Many Ugandans despise us. We are the Nkuba Kyeyo, a Luganda phrase that literally means: “I am a sweeper”, as in sweeping the streets and other facilities in foreign lands.
It is used as a derogatory term for the Ugandan Diaspora, rooted in a culture that despises manual labor. The Kampala newspapers refer to the work done by Nkuba Kyeyos as “odd jobs”, a not so subtle expression of contempt for manual and other relatively underpaid employment.
Even many Ugandan Diaspora professionals protest at being called Nkuba Kyeyos, their common refrain being that they are highly educated people who do “serious jobs” that demand respect.
In fact there is nothing odd about the jobs that hundreds of thousands of Diaspora Ugandans do. Factory workers, home and road maintenance workers, sanitation workers, personal support workers, other service industry employees, farm hands, taxi drivers and other transportation workers, salesmen and so on are the backbone of the economy.
Their work is no less vital and no less valuable than the work of lawyers, teachers, doctors, accountants, politicians or pilots.
All are respectable and essential jobs that have built these countries into developed societies from which Uganda receives foreign aid and investment.
These countries are the handiwork of men and women with basic or college education and outstanding skills acquired through apprenticeship and experience.
The Ugandan obsession with university degrees and so-called white-collar jobs is in stark contrast with the attitudes in the developed countries.
Data from the OECD and Statistics Canada show the following figures for people between ages of 25 and 64 years who had university degrees in 2012:
No doubt a university degree confers many advantages on the holder. In Canada, for example, “returns on education” data shows that, on average, university graduates earn more than college graduates.
However, increasing numbers of university graduates are seeking a college diploma following university graduation. In the year 2000, 10 per cent of college graduates had already obtained a university degree. By 2005, that number had risen to 13 per cent. It is not clear what motivates university graduates to seek college education. One view is that the applied programs in colleges may enhance one’s abilities at work.

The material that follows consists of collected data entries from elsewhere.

(* Let $G=(N,E)$ be a DAG and write $L=\mathrm{leaves}(G)$. (a) Let $G'=(N,E')$ be a DAG satisfying Goal I for $G$, and let $\mathcal{O}'$ be a topological ordering of $G'$. Then $\tilde G'=(N,E'\cup E_L)$, where $E_L=\{(s,t): s,t\in L,\ \mathcal{O}'(s)<\mathcal{O}'(t)\}$, satisfies Goal II for $G$. (b) Let $G'=(N,E')$ be a DAG satisfying Goal II for $G$. Then $\tilde G'=(N,E'\setminus E_L)$, where $E_L=\{(s,t)\in E': s,t\in L\}$, satisfies Goal I for $G$.
   Context: DAG: finite directed graph without directed cycles; $\mathrm{pa}_G(s)$, $\mathrm{ch}_G(s)$ are the parents/children of $s$; $\mathrm{leaves}(G)=\{s:\mathrm{ch}_G(s)=\emptyset\}$, $\mathrm{roots}(G)=\{s:\mathrm{pa}_G(s)=\emptyset\}$. A topological ordering is a bijection $\mathcal{O}:N\to\{1,\dots,|N|\}$ with $(s,t)\in E\Rightarrow\mathcal{O}(s)<\mathcal{O}(t)$. Each node $s$ has a state space $\mathsf{X}_s$ (finite set with counting measure, or finite-dimensional real vector space with Lebesgue measure $\mu_s$), $\mathsf{X}_A=\times_{s\in A}\mathsf{X}_s$, $\mu=\otimes_s\mu_s$. A kernel function for $s$ in $G$ is a measurable $k^s:\mathsf{X}_s\times\mathsf{X}_{\mathrm{pa}_G(s)}\to\mathbb{R}_{\ge0}$ integrating to $1$ in $x_s$ w.r.t. $\mu_s$. $\mathcal{P}^G$ = set of probability distributions on $\mathsf{X}_N$ with a $\mu$-density $p(x)=\prod_{s\in N}k^s(x_s\mid x_{\mathrm{pa}_G(s)})$. For $A\subseteq N$ such that all parents in $G$ of nodes of $A$ lie in $A$, $\mathcal{K}^G$ is the set of Markov kernels $K$ from $\mathsf{X}_A$ to $\mathsf{X}_{N\setminus A}$ such that there are kernel functions $(k^s)_{s\in N\setminus A}$ with $K(\cdot,x_A)$ having density $p(x_{N\setminus A}\mid x_A)=\prod_{s\in N\setminus A}k^s(x_s\mid x_{\mathrm{pa}_G(s)})$ for every $x_A$. A Markov kernel $K$ is a version of the conditional distribution $P_{N\setminus A\mid A}$ if $P_{N}(\mathsf{B}\times\mathsf{C})=\int_{\mathsf{C}}K(\mathsf{B},x_A)\,dP_A(x_A)$ for all measurable $\mathsf{B}\subseteq\mathsf{X}_{N\setminus A}$, $\mathsf{C}\subseteq\mathsf{X}_A$. Goal I for $G$: a DAG $G'=(N,E')$ with $\mathrm{roots}(G')\supseteq\mathrm{leaves}(G)$ such that for every $P\in\mathcal{P}^G$ there exists $K\in\mathcal{K}^{G'}$ (with $A=\mathrm{leaves}(G)$) that is a version of $P_{N\setminus\mathrm{leaves}(G)\mid\mathrm{leaves}(G)}$. Goal II for $G$: a DAG $G'=(N,E')$ with $\mathcal{P}^{G'}\supseteq\mathcal{P}^G$ such that every parent in $G'$ of a node in $\mathrm{leaves}(G)$ is itself in $\mathrm{leaves}(G)$. *)

theory Defs
  imports "HOL-Probability.Probability"
begin

definition is_dag :: "'n set \<Rightarrow> ('n \<times> 'n) set \<Rightarrow> bool" where
  "is_dag N E \<longleftrightarrow> finite N \<and> E \<subseteq> N \<times> N \<and> acyclic E"

definition pa :: "('n \<times> 'n) set \<Rightarrow> 'n \<Rightarrow> 'n set" where
  "pa E s = {t. (t, s) \<in> E}"

definition ch :: "('n \<times> 'n) set \<Rightarrow> 'n \<Rightarrow> 'n set" where
  "ch E s = {t. (s, t) \<in> E}"

definition leaves :: "'n set \<Rightarrow> ('n \<times> 'n) set \<Rightarrow> 'n set" where
  "leaves N E = {s \<in> N. ch E s = {}}"

definition roots :: "'n set \<Rightarrow> ('n \<times> 'n) set \<Rightarrow> 'n set" where
  "roots N E = {s \<in> N. pa E s = {}}"

definition topological_ordering :: "'n set \<Rightarrow> ('n \<times> 'n) set \<Rightarrow> ('n \<Rightarrow> nat) \<Rightarrow> bool" where
  "topological_ordering N E ord \<longleftrightarrow>
     bij_betw ord N {1..card N} \<and> (\<forall>s t. (s, t) \<in> E \<longrightarrow> ord s < ord t)"

text \<open>A node state space is either a
  finite set with counting measure, or R^d with (Borel-)Lebesgue measure, represented as the
  product measure of d copies of lborel (functions on {..<d}, extensional).\<close>

definition std_space :: "(nat \<Rightarrow> real) measure \<Rightarrow> bool" where
  "std_space Ms \<longleftrightarrow>
     (\<exists>F. finite F \<and> Ms = count_space F) \<or> (\<exists>d. Ms = PiM {..<d} (\<lambda>_. lborel))"

text \<open>A kernel function for s in (N,E): k(x_s | x_pa(s)), the second argument being a
  configuration of the parents (an element of X_{pa(s)}).\<close>

definition kernel_function ::
  "('n \<Rightarrow> 'a measure) \<Rightarrow> ('n \<times> 'n) set \<Rightarrow> 'n \<Rightarrow> ('a \<Rightarrow> ('n \<Rightarrow> 'a) \<Rightarrow> real) \<Rightarrow> bool" where
  "kernel_function M E s k \<longleftrightarrow>
     (\<lambda>(x, y). k x y) \<in> borel_measurable (M s \<Otimes>\<^sub>M PiM (pa E s) M) \<and>
     (\<forall>x \<in> space (M s). \<forall>y \<in> space (PiM (pa E s) M). 0 \<le> k x y) \<and>
     (\<forall>y \<in> space (PiM (pa E s) M). (\<integral>\<^sup>+ x. ennreal (k x y) \<partial>M s) = 1)"

definition PG :: "'n set \<Rightarrow> ('n \<times> 'n) set \<Rightarrow> ('n \<Rightarrow> 'a measure) \<Rightarrow> ('n \<Rightarrow> 'a) measure set" where
  "PG N E M = {P. prob_space P \<and>
     (\<exists>k. (\<forall>s\<in>N. kernel_function M E s (k s)) \<and>
          P = density (PiM N M) (\<lambda>x. \<Prod>s\<in>N. ennreal (k s (x s) (restrict x (pa E s)))))}"

text \<open>The set K^G (for a set A closed under parents): Markov kernels from X_A to X_{N-A}
  whose value at x_A has density prod_{s in N-A} k^s(x_s | x_pa(s)) w.r.t. mu_{N-A}; the parent
  configuration is taken from the merged configuration (x_A, x_{N-A}).\<close>

definition KG :: "'n set \<Rightarrow> ('n \<times> 'n) set \<Rightarrow> ('n \<Rightarrow> 'a measure) \<Rightarrow> 'n set
                   \<Rightarrow> (('n \<Rightarrow> 'a) \<Rightarrow> ('n \<Rightarrow> 'a) measure) set" where
  "KG N E M A = {K. K \<in> PiM A M \<rightarrow>\<^sub>M prob_algebra (PiM (N - A) M) \<and>
     (\<exists>k. (\<forall>s\<in>N - A. kernel_function M E s (k s)) \<and>
          (\<forall>xA \<in> space (PiM A M).
             K xA = density (PiM (N - A) M)
               (\<lambda>y. \<Prod>s\<in>N - A. ennreal (k s (y s) (restrict (merge A (N - A) (xA, y)) (pa E s))))))}"

definition version_of_conditional ::
  "'n set \<Rightarrow> ('n \<Rightarrow> 'a measure) \<Rightarrow> 'n set \<Rightarrow> ('n \<Rightarrow> 'a) measure
     \<Rightarrow> (('n \<Rightarrow> 'a) \<Rightarrow> ('n \<Rightarrow> 'a) measure) \<Rightarrow> bool" where
  "version_of_conditional N M A P K \<longleftrightarrow>
     (\<forall>B \<in> sets (PiM (N - A) M). \<forall>C \<in> sets (PiM A M).
        emeasure P {x \<in> space P. restrict x (N - A) \<in> B \<and> restrict x A \<in> C}
        = (\<integral>\<^sup>+ xA \<in> C. emeasure (K xA) B \<partial>(distr P (PiM A M) (\<lambda>x. restrict x A))))"

definition goal_I :: "'n set \<Rightarrow> ('n \<times> 'n) set \<Rightarrow> ('n \<Rightarrow> 'a measure) \<Rightarrow> ('n \<times> 'n) set \<Rightarrow> bool" where
  "goal_I N E M E' \<longleftrightarrow> is_dag N E' \<and> leaves N E \<subseteq> roots N E' \<and>
     (\<forall>P \<in> PG N E M. \<exists>K \<in> KG N E' M (leaves N E).
        version_of_conditional N M (leaves N E) P K)"

definition goal_II :: "'n set \<Rightarrow> ('n \<times> 'n) set \<Rightarrow> ('n \<Rightarrow> 'a measure) \<Rightarrow> ('n \<times> 'n) set \<Rightarrow> bool" where
  "goal_II N E M E' \<longleftrightarrow> is_dag N E' \<and> PG N E M \<subseteq> PG N E' M \<and>
     (\<forall>s \<in> leaves N E. pa E' s \<subseteq> leaves N E)"

end

theory Submission
  imports Defs
begin

(* With L the leaves and R = N - L, suppose the parents of every leaf are leaves.  Then a DAG
   density factorises as p(x_L, x_R) = f(x_L) g(x_L, x_R), where f is the product of the leaf
   kernels and g the product of the others.  Integrating out the kernels of R one sink at a time
   shows that g(x_L, -) is a probability density.  Hence f is the marginal density of x_L, and
   x_L |-> g(x_L, -) is a version of P_{R|L}.  This gives (b): dropping the edges inside L turns
   the leaves into roots and leaves the kernels of R unchanged.

   For (a), Goal I supplies the conditional kernel K.  By the chain rule with conditional
   densities, the marginal density of x_L, like any probability density on a finite product,
   factorises along a linear order of L into kernels whose parents are the smaller leaves.
   Joining these kernels with those of K gives a density for the completed graph.  It defines
   the same measure as P because both agree on measurable rectangles:
   P(B x C) = int_C K(x_L, B) dP_L. *)

section \<open>Kernel densities\<close>

definition kernel_density ::
  "('n \<times> 'n) set \<Rightarrow> ('n \<Rightarrow> 'a \<Rightarrow> ('n \<Rightarrow> 'a) \<Rightarrow> real) \<Rightarrow> 'n set \<Rightarrow> ('n \<Rightarrow> 'a) \<Rightarrow> ennreal" where
  "kernel_density E k D x = (\<Prod>s\<in>D. ennreal (k s (x s) (restrict x (pa E s))))"

definition prob_density :: "'a measure \<Rightarrow> ('a \<Rightarrow> real) \<Rightarrow> bool" where
  "prob_density Ms \<phi> \<longleftrightarrow>
     \<phi> \<in> borel_measurable Ms \<and> (\<forall>x. 0 \<le> \<phi> x) \<and> (\<integral>\<^sup>+x. ennreal (\<phi> x) \<partial>Ms) = 1"

lemma acyclic_finite_obtains_maximal:
  assumes "finite D" "D \<noteq> {}" "acyclic R"
  obtains m where "m \<in> D" "\<And>t. t \<in> D \<Longrightarrow> (m, t) \<notin> R"
proof -
  have "wf ((R \<inter> D \<times> D)\<inverse>)"
    using assms by (intro finite_acyclic_wf_converse) (auto intro: acyclic_subset finite_subset)
  then obtain m where "m \<in> D" "\<And>t. (t, m) \<in> (R \<inter> D \<times> D)\<inverse> \<Longrightarrow> t \<notin> D"
    using \<open>D \<noteq> {}\<close> unfolding wf_eq_minimal by blast
  then show thesis using that by blast
qed

lemma kernel_functionD:
  assumes "kernel_function M E s k" "w \<in> space (PiM (pa E s) M)"
  shows "(\<lambda>x. ennreal (k x w)) \<in> borel_measurable (M s)" "(\<integral>\<^sup>+x. ennreal (k x w) \<partial>M s) = 1"
proof -
  have "(\<lambda>(x, y). k x y) \<in> borel_measurable (M s \<Otimes>\<^sub>M PiM (pa E s) M)"
    using assms(1) by (simp add: kernel_function_def)
  from measurable_compose[OF measurable_Pair2'[OF assms(2)] this]
  show "(\<lambda>x. ennreal (k x w)) \<in> borel_measurable (M s)" by simp
  show "(\<integral>\<^sup>+x. ennreal (k x w) \<partial>M s) = 1"
    using assms by (simp add: kernel_function_def)
qed

lemma measurable_kernel_density:
  assumes "finite D" "\<forall>s\<in>D. kernel_function M E s (k s)" "\<forall>s\<in>D. s \<in> I \<and> pa E s \<subseteq> I"
    and f: "f \<in> X \<rightarrow>\<^sub>M PiM I M"
  shows "(\<lambda>x. kernel_density E k D (f x)) \<in> borel_measurable X"
  unfolding kernel_density_def
proof (rule borel_measurable_prod_ennreal)
  fix s assume s: "s \<in> D"
  have "(\<lambda>x. (f x s, restrict (f x) (pa E s))) \<in> X \<rightarrow>\<^sub>M (M s \<Otimes>\<^sub>M PiM (pa E s) M)"
    using s assms(3) measurable_compose[OF f measurable_component_singleton]
      measurable_compose[OF f measurable_restrict_subset] by (intro measurable_Pair) auto
  moreover have "(\<lambda>(x, y). k s x y) \<in> borel_measurable (M s \<Otimes>\<^sub>M PiM (pa E s) M)"
    using s assms(2) by (simp add: kernel_function_def)
  ultimately show "(\<lambda>x. ennreal (k s (f x s) (restrict (f x) (pa E s)))) \<in> borel_measurable X"
    using measurable_compose by fastforce
qed

lemma kernel_density_cong:
  assumes "\<And>s. s \<in> D \<Longrightarrow> pa E s = pa E' s" "\<And>s. s \<in> D \<Longrightarrow> k s = k' s"
    and "\<And>i. i \<in> D \<union> (\<Union>s\<in>D. pa E s) \<Longrightarrow> x i = x' i"
  shows "kernel_density E k D x = kernel_density E' k' D x'"
  unfolding kernel_density_def
proof (rule prod.cong[OF refl])
  fix s assume s: "s \<in> D"
  have "restrict x (pa E s) = restrict x' (pa E s)"
    using s assms(3) by (intro restrict_ext) auto
  then show "ennreal (k s (x s) (restrict x (pa E s))) = ennreal (k' s (x' s) (restrict x' (pa E' s)))"
    using s assms by simp
qed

Studies suggest that one’s field of study may be of greater value than the type of academic institution one attends.
From time to time, university degree holders are reminded of the indispensability of what Ugandans call “odd jobs” when groups of workers go on strike.
When, for example, the sanitation workers in the City of Toronto went on strike a few years ago, the rot and smell on the city streets quickly brought the negotiating teams to an agreement that increased the workers’ wages.
The teams of employees who clean my clinic and ensure maintenance of the systems and equipment are as essential to my practice as the doctors and nurses.
Working in unhygienic conditions is out of the question. So we pay these essential workers very well. And they live very well.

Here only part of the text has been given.